A piece by Raymond Yard (photo source: Christies.com)
Best known for his exquisite platinum mountings and for using only the highest quality gemstones, Raymond Yard redefined the jewelry world in ways never before seen. With his brilliant cutting style and unique Art Deco designs, Yard stood apart from all other jewelers, and today, the name Yard still represents the highest standards in fine jewelry.
In 1898, at just thirteen years old, Raymond Yard began his jewelry career. He worked as a door boy at Marcus & Co., one of the most well-known jewelry houses in the nation. At Marcus & Co., Yard quickly moved up the ladder. He absorbed as much as he could and learned the ins and outs of the jewelry business - everything from craftsmanship to sales. Yard mastered each and every aspect of the industry and eventually became the most sought after salesman at Marcus & Co. He soon gained the patronage of John D. Rockefeller Jr., who encouraged Yard to start his own brand.
In 1922, Yard opened his first shop at 522 Fifth Avenue, New York. Thanks to Rockefeller’s strong following, Yard’s jewelry quickly gained popularity amongst the city's most affluent families Though he was a New York favorite, Yard’s popularity wasn’t limited to the east coast - the jeweler also made a strong impression with Hollywood’s elite.
A diamond, sapphire, rock crystal, and enamel brooch in Yard's signature Art Deco style (Photo source: Lang Antiques)
Though Yard's early pieces reflected the conventional styles of the late Edwardian and early Art Deco periods, the jeweler set himself apart by using superior gemstones, which he would mount into platinum. Yard's discretion and perfectionism in his work won him the loyalty of his clients, and it’s reported that customers would wait patiently for Yard to find the perfect stone to complete custom orders. The jeweler took great pride in taking custom orders and delivering excellence to his customers.

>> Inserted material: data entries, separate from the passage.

(* Let $(X,d)$ be a $\delta$-hyperbolic space and $\gamma$ a hyperbolic isometry of $X$ with $\ell(\gamma)>3\delta$. Then (i) every point $x\in M_{\min}(\gamma)$ satisfies $d(x,M(\gamma))\le\frac72\delta$; (ii) every point $x\in M(\gamma)$ satisfies $d(x,M_{\min}(\gamma))\le\frac{15}{2}\delta$.
   Context: A metric space is $\delta$-hyperbolic if it is proper, geodesic, and every geodesic triangle is $\delta$-thin (any two points of the triangle identified by the canonical tripod approximation of the triangle, which is isometric on each side, are at distance $\le\delta$). An isometry $\gamma$ is hyperbolic if $k\mapsto\gamma^kx$ is a quasi-isometric embedding $\mathbf Z\to X$; its extension to the ideal (Gromov) boundary $\partial X$ then has exactly two fixed points $\gamma^+=\lim_{p\to+\infty}\gamma^px$ and $\gamma^-=\lim_{p\to+\infty}\gamma^{-p}x$. $\ell(\gamma)=\lim_{k\to\infty}\frac1kd(x,\gamma^kx)$ is the asymptotic displacement and $s(\gamma)=\inf_{x\in X}d(x,\gamma x)$ the minimal displacement. $M(\gamma)$ is the union of all geodesic lines $c$ with $c(-\infty)=\gamma^-$ and $c(+\infty)=\gamma^+$, and $M_{\min}(\gamma)$ is the (nonempty, closed) set of points $x$ where $x\mapsto d(x,\gamma x)$ attains its infimum $s(\gamma)$. *)

theory Defs
  imports "HOL-Analysis.Analysis"
begin

definition gprod :: "'a::metric_space \<Rightarrow> 'a \<Rightarrow> 'a \<Rightarrow> real" where
  "gprod w y z = (dist w y + dist w z - dist y z) / 2"

definition geod_seg :: "(real \<Rightarrow> 'a::metric_space) \<Rightarrow> 'a \<Rightarrow> 'a \<Rightarrow> bool" where
  "geod_seg c x y \<longleftrightarrow> c 0 = x \<and> c (dist x y) = y \<and>
     (\<forall>s\<in>{0..dist x y}. \<forall>t\<in>{0..dist x y}. dist (c s) (c t) = \<bar>s - t\<bar>)"

definition geod_line :: "(real \<Rightarrow> 'a::metric_space) \<Rightarrow> bool" where
  "geod_line c \<longleftrightarrow> (\<forall>s t. dist (c s) (c t) = \<bar>s - t\<bar>)"

definition proper_space :: "'a::metric_space itself \<Rightarrow> bool" where
  "proper_space _ \<longleftrightarrow> (\<forall>(x::'a) r. compact (cball x r))"

definition geodesic_space :: "'a::metric_space itself \<Rightarrow> bool" where
  "geodesic_space _ \<longleftrightarrow> (\<forall>x y::'a. \<exists>c. geod_seg c x y)"

text \<open>Every geodesic triangle is delta-thin: in the tripod approximation of a triangle
  with vertices x, y, z, the point at distance t from x on the side [x,y] is identified
  with the point at distance t from x on the side [x,z], for 0 <= t <= (y|z)_x.
  Quantifying over all vertices x and all pairs of sides issuing from x (sides from the
  other vertices are obtained by reversing parametrizations) gives exactly the tripod
  condition for all triangles.\<close>
definition thin_triangles :: "'a::metric_space itself \<Rightarrow> real \<Rightarrow> bool" where
  "thin_triangles _ \<delta> \<longleftrightarrow> (\<forall>(x::'a) y z p q. geod_seg p x y \<longrightarrow> geod_seg q x z \<longrightarrow>
      (\<forall>t. 0 \<le> t \<and> t \<le> gprod x y z \<longrightarrow> dist (p t) (q t) \<le> \<delta>))"

definition delta_hyperbolic :: "'a::metric_space itself \<Rightarrow> real \<Rightarrow> bool" where
  "delta_hyperbolic T \<delta> \<longleftrightarrow> proper_space T \<and> geodesic_space T \<and> thin_triangles T \<delta>"

definition isometry :: "('a::metric_space \<Rightarrow> 'a) \<Rightarrow> bool" where
  "isometry g \<longleftrightarrow> bij g \<and> (\<forall>x y. dist (g x) (g y) = dist x y)"

definition ipow :: "('a \<Rightarrow> 'a) \<Rightarrow> int \<Rightarrow> 'a \<Rightarrow> 'a" where
  "ipow g k = (if 0 \<le> k then g ^^ nat k else inv g ^^ nat (- k))"

definition hyperbolic_isometry :: "('a::metric_space \<Rightarrow> 'a) \<Rightarrow> bool" where
  "hyperbolic_isometry g \<longleftrightarrow> isometry g \<and>
     (\<exists>x lam C. lam \<ge> 1 \<and> C \<ge> 0 \<and> (\<forall>m n::int.
        \<bar>real_of_int (m - n)\<bar> / lam - C \<le> dist (ipow g m x) (ipow g n x) \<and>
        dist (ipow g m x) (ipow g n x) \<le> lam * \<bar>real_of_int (m - n)\<bar> + C))"
(* Under the hypotheses of the preceding statement (fixed $q\in\{1,2,\ldots\}$ and $\alpha>0$; $n,p\to\infty$ with $n/p\to\gamma\in[0,\infty]$, $m/p\to\kappa\in[1,\infty)$, $m\ge p$; data i.i.d. $N_p(0,I_p)$; and $(\lambda_{\max}(S)-\mu_{n,p})/\sigma_{n,p}$ converging in distribution), the largest eigenvalue $\lambda^{(q)}_{\max}$ of the power inverse Wishart MAP estimator with prior parameters $(\alpha I_p,m,q)$ satisfies $$\lambda^{(q)}_{\max}\xrightarrow{P}1+\frac{2\sqrt\gamma-q\kappa}{1+\gamma+q\kappa},$$ where the fraction is interpreted as $0$ when $\gamma=\infty$.
   Context: $S$ is the sample covariance $\frac1n\sum_i(X_i-\bar X)(X_i-\bar X)^\top$; $\mu_{n,p}=(1+\sqrt{p/n})^2$, $\sigma_{n,p}=\frac{\sqrt n+\sqrt p}{n}(n^{-1/2}+p^{-1/2})^{1/3}$. With $N=n+p+qm+1$, the MAP estimator has the same eigenvectors as $S$ and maps each eigenvalue $s$ of $S$ to the unique positive solution $\mu$ of $N\mu^q-ns\mu^{q-1}-q\alpha^q=0$. *)

theory Defs
  imports "HOL-Probability.Probability" "Jordan_Normal_Form.Char_Poly"
begin

text \<open>Data: row i < n, coordinate j < p, given as x i j.\<close>

definition sample_mean :: "nat \<Rightarrow> (nat \<Rightarrow> nat \<Rightarrow> real) \<Rightarrow> nat \<Rightarrow> real" where
  "sample_mean n x j = (\<Sum>i<n. x i j) / real n"

definition sample_cov :: "nat \<Rightarrow> nat \<Rightarrow> (nat \<Rightarrow> nat \<Rightarrow> real) \<Rightarrow> real mat" where
  "sample_cov n p x = mat p p (\<lambda>(j, l). (1 / real n) *
      (\<Sum>i<n. (x i j - sample_mean n x j) * (x i l - sample_mean n x l)))"
lemma eq_of_int_mult_least_positive:
  fixes X :: "real set"
  assumes closed: "\<And>x y m. x \<in> X \<Longrightarrow> y \<in> X \<Longrightarrow> x - of_int m * y \<in> X"
    and "t \<in> X" "0 < t" and least: "\<And>x. x \<in> X \<Longrightarrow> 0 < x \<Longrightarrow> t \<le> x" and "y \<in> X"
  shows "\<exists>m::int. y = of_int m * t"
proof -
  define m where "m = \<lfloor>y / t\<rfloor>"
  have "y - of_int m * t \<in> X" using closed assms by blast
  moreover have "0 \<le> y - of_int m * t" "y - of_int m * t < t"
    using floor_divide_lower[OF \<open>0 < t\<close>, of y] floor_divide_upper[OF \<open>0 < t\<close>, of y]
    by (simp_all add: m_def algebra_simps)
  ultimately have "y - of_int m * t = 0" using least by force
  then show ?thesis by auto
qed

definition cols_matrix :: "('n \<Rightarrow> real^'m) \<Rightarrow> real^'n^'m" where
  "cols_matrix q = (\<chi> j k. q k $ j)"

lemma cols_matrix_mult_vec: "cols_matrix q *v c = (\<Sum>k\<in>UNIV. c $ k *\<^sub>R q k)"
  by (simp add: cols_matrix_def matrix_vector_mult_def vec_eq_iff mult.commute)

lemma cols_matrix_mult_axis: "cols_matrix q *v axis k 1 = q k"
  by (simp add: matrix_vector_mult_basis column_def cols_matrix_def vec_eq_iff)

lemma int_mat_cols_matrix: "(\<And>k. int_vec (q k)) \<Longrightarrow> int_mat (cols_matrix q)"
  by (simp add: int_mat_def int_vec_def cols_matrix_def)

lemma cols_matrix_scaleR: "cols_matrix (\<lambda>k. c *\<^sub>R q k) = c *\<^sub>R cols_matrix q"
  by (simp add: cols_matrix_def vec_eq_iff)

lemma invertible_cols_matrix:
  fixes v :: "'n::finite \<Rightarrow> real^'n"
  assumes "inj v" "independent (range v)"
  shows "invertible (cols_matrix v)"
  unfolding invertible_left_inverse matrix_left_invertible_independent_columns
proof (intro allI impI)
  fix c :: "'n \<Rightarrow> real" and i
  assume "(\<Sum>k\<in>UNIV. c k *s column k (cols_matrix v)) = 0"
  then have "(\<Sum>x\<in>range v. (c \<circ> inv v) x *\<^sub>R x) = 0"
    using assms(1) by (simp add: sum.reindex column_def cols_matrix_def scalar_mult_eq_scaleR)
  then have "(c \<circ> inv v) (v i) = 0"
    using assms(2) unfolding independent_explicit by blast
  then show "c i = 0" using assms(1) by simp
qed
(* Fix a filtration $\{Q(C;\alpha)\}$ of simplicial complexes on a finite cloud $C$ in a metric space. For every $\alpha>0$, the reduced skeleton $\mathrm{HoPeS}(C;\alpha)$ has the minimum total length of edges over all graphs $G\subseteq Q(C;\alpha)$ that span $Q(C;\alpha)$ and for which the inclusion induces an isomorphism $H_1(G;\mathbb{Z}_2)\to H_1(Q(C;\alpha);\mathbb{Z}_2)$ (and $\mathrm{HoPeS}(C;\alpha)$ itself is such a graph).
   Context: A filtration on a finite set $C$: nested finite simplicial complexes $Q(C;\alpha)$, $\alpha\ge0$, with vertex set $C$, $Q(C;0)=C$, each simplex entering at a minimal scale; final complex connected. Edge length $|e|=2\min\{\alpha:e\subset Q(C;\alpha)\}$. $\mathrm{MST}(C)$ is a minimum total length spanning tree on $C$ using filtration edges; $\mathrm{MST}(C;\alpha)$ removes all open edges of length $>2\alpha$. A graph $G$ spans a complex $Q$ on $C$ if $G$ has vertex set $C$, every edge of $G$ is in $Q$, and the inclusion induces a bijection on connected components. Homology with $\mathbb{Z}_2$ coefficients. An edge is critical if its addition creates a new class in $H_1$ that does not immediately die; its birth is its entry scale. Deaths of critical edges: at scale $\alpha$, let $K_1,\dots,K_s$ be the critical edges with birth $\le\alpha$ not yet assigned a death; $[K_1],\dots,[K_s]$ form a basis of $H_1((\mathrm{MST}(C;\alpha)\cup\bigcup K_j)/\mathrm{MST}(C;\alpha))$; let $f$ be the map into $H_1(Q(C;\alpha)/\mathrm{MST}(C;\alpha))$ induced by inclusion; take a basis $b_1,\dots,b_r$ of $\ker f$, $b_i=\sum_jc_{ij}[K_j]$, and solve $\sum_jc_{ij}x_j=0$ over $\mathbb{Z}_2$ with $r$ leading variables chosen by the elder rule (the leading set whose critical edges have greatest combined birth; any choice among ties); each $K_i$ with $i$ leading gets death $\alpha$. $\mathrm{HoPeS}(C)$ is the union of $\mathrm{MST}(C)$ and all critical edges labelled by (birth, death). The reduced skeleton $\mathrm{HoPeS}(C;\alpha)$ is obtained from $\mathrm{HoPeS}(C)$ by removing all edges of length $>2\alpha$ and all critical edges with death $\le\alpha$. *)

theory Defs
  imports Complex_Main
begin
lemma sum_odd_components_le:
  "12 * (\<Sum>i\<in>I. odd_components V (E - J i) ends)
    \<le> 24 * card {e\<in>E. mult e = 0} + 36 * (\<Sum>i\<in>I. n_join V ends (J i))"
proof -
  have "int (12 * (\<Sum>i\<in>I. odd_components V (E - J i) ends))
      = (\<Sum>i\<in>I. 12 * int (odd_components V (E - J i) ends))"
    by (simp add: sum_distrib_left)
  also have "\<dots> \<le> (\<Sum>i\<in>I. \<Sum>p\<in>V. charge p i)"
    by (rule sum_mono) (rule odd_components_charge)
  also have "\<dots> = (\<Sum>p\<in>V. \<Sum>i\<in>I. charge p i)" by (rule sum.swap)
  also have "\<dots> \<le> (\<Sum>p\<in>V. 12 * int (card {e\<in>inc p. mult e = 0}) + 36 * int (card {i\<in>I. join_vertex i p}))"
    by (rule sum_mono) (rule sum_charge_le)
  also have "\<dots> = 12 * int (\<Sum>p\<in>V. card {e\<in>inc p. mult e = 0})
      + 36 * int (\<Sum>p\<in>V. card {i\<in>I. join_vertex i p})"
    by (simp add: sum.distrib sum_distrib_left)
  finally show ?thesis unfolding sum_card_E0_inc sum_card_join_vertex by linarith
qed

end

theorem theorem2p3:
  fixes V :: "'v set" and E :: "'e set" and ends :: "'e \<Rightarrow> 'v set"
    and J1 J2 J3 :: "'e set" and k :: real
  assumes "cubic V E ends" and "bridgeless V E ends"
    and "is_join V E ends J1" and "is_join V E ends J2" and "is_join V E ends J3"
    and "k = real (card (E_zero E J1 J2 J3))
              + 3 / 2 * real (n_join V ends J1 + n_join V ends J2 + n_join V ends J3)"
  shows "real (odd_components V (E - J1) ends + odd_components V (E - J2) ends
               + odd_components V (E - J3) ends) \<le> 2 * k"
proof -
  define J where "J = (\<lambda>i::nat. [J1, J2, J3] ! i)"
  interpret three_joins V E ends "{0, 1, 2}" J
    by unfold_locales (use assms(1,3-5) in \<open>auto simp: J_def\<close>)
  have "{e\<in>E. mult e = 0} = E_zero E J1 J2 J3"
    using mult_eq[of 0 1 2] by (auto simp: E_zero_def J_def)
  then have "12 * (odd_components V (E - J1) ends + odd_components V (E - J2) ends
        + odd_components V (E - J3) ends)
      \<le> 24 * card (E_zero E J1 J2 J3) + 36 * (n_join V ends J1 + n_join V ends J2 + n_join V ends J3)"
    using sum_odd_components_le by (simp add: J_def)
  from of_nat_mono[OF this, where 'a = real] show ?thesis
    using assms(6) by (simp add: field_simps)
qed

end
theorem lemma8p5:
  fixes F0 :: "'a formula" and \<Omega> :: run and F :: "ounit set" and BE G G' :: ounit
  assumes "is_run \<Omega>"
    and "unit_tree F0 F"
    and "BE \<in> F" and "G \<in> F" and "G' \<in> F"
    and "is_bang_unit F0 BE"
    and "dominates F0 \<Omega> F BE G"
    and "child F0 G' G"
  shows "((is_and_unit F0 G' \<or> is_or_unit F0 G') \<longrightarrow> dominates F0 \<Omega> F BE G')
       \<and> (is_bang_unit F0 G' \<longrightarrow> (G' = BE \<or> dominates F0 \<Omega> F BE G'))"
proof (intro conjI impI)
  assume "is_and_unit F0 G' \<or> is_or_unit F0 G'"
  then have "\<not> is_quest_unit F0 G'" and "G' \<noteq> BE"
    using \<open>is_bang_unit F0 BE\<close>
    unfolding is_and_unit_def is_or_unit_def is_quest_unit_def is_bang_unit_def by auto
  then show "dominates F0 \<Omega> F BE G'"
    using dominates_parent[OF \<open>dominates F0 \<Omega> F BE G\<close> \<open>child F0 G' G\<close> \<open>G' \<in> F\<close>] by blast
next
  assume "is_bang_unit F0 G'"
  then have "\<not> is_quest_unit F0 G'" unfolding is_quest_unit_def is_bang_unit_def by auto
  then show "G' = BE \<or> dominates F0 \<Omega> F BE G'"
    using dominates_parent[OF \<open>dominates F0 \<Omega> F BE G\<close> \<open>child F0 G' G\<close> \<open>G' \<in> F\<close>] by blast
qed

end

In 1958, Yard's legacy was passed onto Robert Gibson, Yard’s protégé. The two met in 1937 at the Winged Foot Golf club, where Gibson was a 17-year-old caddy. Just as Yard had risen through the ranks of Marcus & Co, Gibson climbed the ladder of Yard’s business and became president of the company upon Yard’s retirement. In 1989, after decades of successfully maintaining the Yard legacy, Robert Gibson retired and his son, Bob Gibson, became president. Bob Gibson brought continued success to the company by reviving many of Yard’s most successful past designs, while staying true to the high quality and craftsmanship that first defined the Yard name.